Data for the task START

(* Let $A\in\mathbb{R}^{n\times n}$ with spectral radius $\rho(A)<1$, let $C\in\mathbb{R}^{m\times n}$, and let $Q\in\mathbb{R}^{n\times n}$, $R\in\mathbb{R}^{m\times m}$ be symmetric positive definite, with $(A,C)$ observable and $(A,Q^{1/2})$ controllable. Let $\bar P$ be the unique stabilizing positive definite solution of the discrete-time algebraic Riccati equation $$\bar P = A\bar PA^{\intercal}+Q-(A\bar PA^{\intercal}+Q)C^{\intercal}\big(C(A\bar PA^{\intercal}+Q)C^{\intercal}+R\big)^{-1}C(A\bar PA^{\intercal}+Q),$$ let $P^{OP}=L(A,Q)$ and $P_n=P^{OP}+\bar P$. Let $\gamma^e\in(0,1)$ and $\mu\in(0,1)$. Let $(\lambda^e_k)_{k\ge1}$ be i.i.d. $\{0,1\}$-valued random variables with $\mathbb{P}[\lambda^e_k=0]=\gamma^e$, and let $(u_k)_{k\ge1}$ be i.i.d. $\{0,1\}$-valued random variables with $\mathbb{P}[u_k=0]=\mu$, the two sequences being independent of each other. Let $P^e_0$ be a fixed symmetric positive semidefinite matrix and define recursively, for $k\ge1$, $$P^e_k=\begin{cases}\bar P, & \text{if } (\lambda^e_k,u_k)=(1,1),\\ P_n, & \text{if } (\lambda^e_k,u_k)=(1,0),\\ AP^e_{k-1}A^{\intercal}+Q, & \text{if } \lambda^e_k=0.\end{cases}$$ Then $$\lim_{k\to\infty}\mathbb{E}[P^e_k]=(1-\gamma^e)(1-\mu)\,W^e+\gamma^e S^e+(1-\gamma^e)\mu\,H^e,$$ where $W^e=L(\sqrt{\gamma^e}A,\bar P)$, $S^e=L(\sqrt{\gamma^e}A,Q)$ and $H^e=L(\sqrt{\gamma^e}A,P_n)$.
   Context: For a square matrix $T$ with $\rho(T)<1$ and a symmetric matrix $U$, $L(T,U)$ denotes the unique solution $V$ of the discrete-time Lyapunov equation $V=TVT^{\intercal}+U$, equivalently $L(T,U)=\sum_{j=0}^{\infty}T^jU(T^{\intercal})^j$. $P^{OP}=L(A,Q)$ is the open-loop (prediction-only) error covariance of the system $x_{k+1}=Ax_k+w_k$, $\mathrm{Cov}(w_k)=Q$. Here $P^e_k$ models the error covariance of an eavesdropper that receives packets when $\lambda^e_k=1$; a received packet is either the sensor's Kalman estimate (error covariance $\bar P$, when $u_k=1$) or independent noise with covariance $\bar P$ that the eavesdropper mistakes for the estimate (error covariance $P_n$, when $u_k=0$). *)

theory Defs
  imports "HOL-Analysis.Analysis" "HOL-Probability.Probability"
begin

text \<open>Matrix power with respect to matrix multiplication (the operator ^ on vec types is pointwise).\<close>
primrec matpow :: "real^'n^'n \<Rightarrow> nat \<Rightarrow> real^'n^'n" where
  "matpow A 0 = mat 1"
| "matpow A (Suc k) = A ** matpow A k"

definition cmat :: "real^'n^'m \<Rightarrow> complex^'n^'m" where
  "cmat A = (\<chi> i j. complex_of_real (A $ i $ j))"

definition spectral_radius :: "real^'n^'n \<Rightarrow> real" where
  "spectral_radius A = Max {cmod z | z. \<exists>v::complex^'n. v \<noteq> 0 \<and> cmat A *v v = z *s v}"

definition sym_mat :: "real^'n^'n \<Rightarrow> bool" where
  "sym_mat M \<longleftrightarrow> transpose M = M"

definition pos_def :: "real^'n^'n \<Rightarrow> bool" where
  "pos_def M \<longleftrightarrow> sym_mat M \<and> (\<forall>x. x \<noteq> 0 \<longrightarrow> x \<bullet> (M *v x) > 0)"

definition pos_semidef :: "real^'n^'n \<Rightarrow> bool" where
  "pos_semidef M \<longleftrightarrow> sym_mat M \<and> (\<forall>x. x \<bullet> (M *v x) \<ge> 0)"

text \<open>Observability of (A,C): the observability matrix [C; CA; ...; CA^(n-1)] has trivial kernel
  (i.e. full column rank n).\<close>
definition observable :: "real^'n^'n \<Rightarrow> real^'n^'m \<Rightarrow> bool" where
  "observable A C \<longleftrightarrow>
     (\<forall>v::real^'n. (\<forall>k<CARD('n). (C ** matpow A k) *v v = 0) \<longrightarrow> v = 0)"

text \<open>Controllability of (A,B): the controllability matrix [B, AB, ..., A^(n-1)B] has full row rank n.\<close>
definition controllable :: "real^'n^'n \<Rightarrow> real^'p^'n \<Rightarrow> bool" where
  "controllable A B \<longleftrightarrow>
     (\<forall>v::real^'n. (\<forall>k<CARD('n). v v* (matpow A k ** B) = 0) \<longrightarrow> v = 0)"

definition mat_sqrt :: "real^'n^'n \<Rightarrow> real^'n^'n" where
  "mat_sqrt Q = (THE S. pos_semidef S \<and> S ** S = Q)"

text \<open>Solution of the discrete Lyapunov equation V = T V T^T + U, as the series sum_j T^j U (T^T)^j.\<close>
definition lyap :: "real^'n^'n \<Rightarrow> real^'n^'n \<Rightarrow> real^'n^'n" where
  "lyap T U = (\<Sum>j. matpow T j ** U ** transpose (matpow T j))"

definition riccati :: "real^'n^'n \<Rightarrow> real^'n^'m \<Rightarrow> real^'n^'n \<Rightarrow> real^'m^'m \<Rightarrow> real^'n^'n \<Rightarrow> real^'n^'n" where
  "riccati A C Q R P =
     (let M = A ** P ** transpose A + Q
      in M - M ** transpose C ** matrix_inv (C ** M ** transpose C + R) ** C ** M)"

definition kgain :: "real^'n^'n \<Rightarrow> real^'n^'m \<Rightarrow> real^'n^'n \<Rightarrow> real^'m^'m \<Rightarrow> real^'n^'n \<Rightarrow> real^'m^'n" where
  "kgain A C Q R P =
     (let M = A ** P ** transpose A + Q in M ** transpose C ** matrix_inv (C ** M ** transpose C + R))"

text \<open>Eavesdropper error covariance recursion, driven by sample paths lam, u of the
  {0,1}-valued processes (index k \<ge> 1).\<close>
primrec eav_cov :: "real^'n^'n \<Rightarrow> real^'n^'n \<Rightarrow> real^'n^'n \<Rightarrow> real^'n^'n \<Rightarrow> real^'n^'n
    \<Rightarrow> (nat \<Rightarrow> nat) \<Rightarrow> (nat \<Rightarrow> nat) \<Rightarrow> nat \<Rightarrow> real^'n^'n" where
  "eav_cov A Q Pbar Pn P0 lam u 0 = P0"
| "eav_cov A Q Pbar Pn P0 lam u (Suc k) =
     (if lam (Suc k) = 1 \<and> u (Suc k) = 1 then Pbar
      else if lam (Suc k) = 1 \<and> u (Suc k) = 0 then Pn
      else A ** eav_cov A Q Pbar Pn P0 lam u k ** transpose A + Q)"

end

theory Submission
  imports Defs "Jordan_Normal_Form.Spectral_Radius"
begin

(* Taking expectations in the recursion for P_k, and using that the packet pair
   (lam (k+1), u (k+1)) is independent of the first k packets, which determine P_k, gives the
   affine recursion
     E P_(k+1) = c + B (E P_k) B^T,   B = sqrt \<gamma> A,   c = (1-\<gamma>)(1-\<mu>) Pbar + \<gamma> Q + (1-\<gamma>)\<mu> P_n.
   Unrolled, E P_k = B^k P_0 (B^T)^k + (\<Sum>j<k. B^j c (B^T)^j). Since the spectral radius of A is
   below one, the powers of A are bounded; with \<gamma> < 1 the first term therefore vanishes and the
   sum converges to L(B, c) = lyap B c, which is linear in c. *)

hide_const (open) Matrix.mat Matrix.vec Spectral_Radius.spectral_radius
no_notation Matrix.vec_index (infixl \<open>$\<close> 100)
no_notation Matrix.scalar_prod (infix \<open>\<bullet>\<close> 70)

section \<open>Bounded powers of a matrix with spectral radius below one\<close>

abbreviation cart_index :: "nat \<Rightarrow> 'n::finite" where
  "cart_index \<equiv> from_nat_into UNIV"

lemma bij_cart_index: "bij_betw (cart_index :: nat \<Rightarrow> 'n::finite) {..<CARD('n)} UNIV"
  using bij_betw_from_nat_into_finite[of "UNIV :: 'n set"] by simp

lemma cart_index_eq_iff:
  "i < CARD('n) \<Longrightarrow> j < CARD('n) \<Longrightarrow> (cart_index i :: 'n::finite) = cart_index j \<longleftrightarrow> i = j"
  using bij_cart_index[where 'n = 'n] by (auto simp: bij_betw_def inj_on_def)

lemma cart_index_surj: obtains i where "i < CARD('n)" "(j :: 'n::finite) = cart_index i"
  using bij_cart_index[where 'n = 'n] by (force simp: bij_betw_def)

definition mat_of_cart :: "'a^'n^'n \<Rightarrow> 'a mat" where
  "mat_of_cart X = Matrix.mat CARD('n) CARD('n) (\<lambda>(i, j). X $ cart_index i $ cart_index j)"

definition vec_of_cart :: "'a^'n \<Rightarrow> 'a Matrix.vec" where
  "vec_of_cart x = Matrix.vec CARD('n) (\<lambda>i. x $ cart_index i)"

lemma dim_mat_of_cart [simp]:
  "dim_row (mat_of_cart (X :: 'a^'n^'n)) = CARD('n)" "dim_col (mat_of_cart X) = CARD('n)"
  by (simp_all add: mat_of_cart_def)

lemma dim_vec_of_cart [simp]: "dim_vec (vec_of_cart (x :: 'a^'n)) = CARD('n)"
  by (simp add: vec_of_cart_def)

lemma mat_of_cart_carrier: "mat_of_cart (X :: 'a^'n^'n) \<in> carrier_mat CARD('n) CARD('n)"
  by (simp add: mat_of_cart_def)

Data for the task END

- Work to be completed -
Scan the lines above for "forall", then copy every one that has it.

- Output for this task -
  "pos_def M \<longleftrightarrow> sym_mat M \<and> (\<forall>x. x \<noteq> 0 \<longrightarrow> x \<bullet> (M *v x) > 0)"
  "pos_semidef M \<longleftrightarrow> sym_mat M \<and> (\<forall>x. x \<bullet> (M *v x) \<ge> 0)"
     (\<forall>v::real^'n. (\<forall>k<CARD('n). (C ** matpow A k) *v v = 0) \<longrightarrow> v = 0)"
     (\<forall>v::real^'n. (\<forall>k<CARD('n). v v* (matpow A k ** B) = 0) \<longrightarrow> v = 0)"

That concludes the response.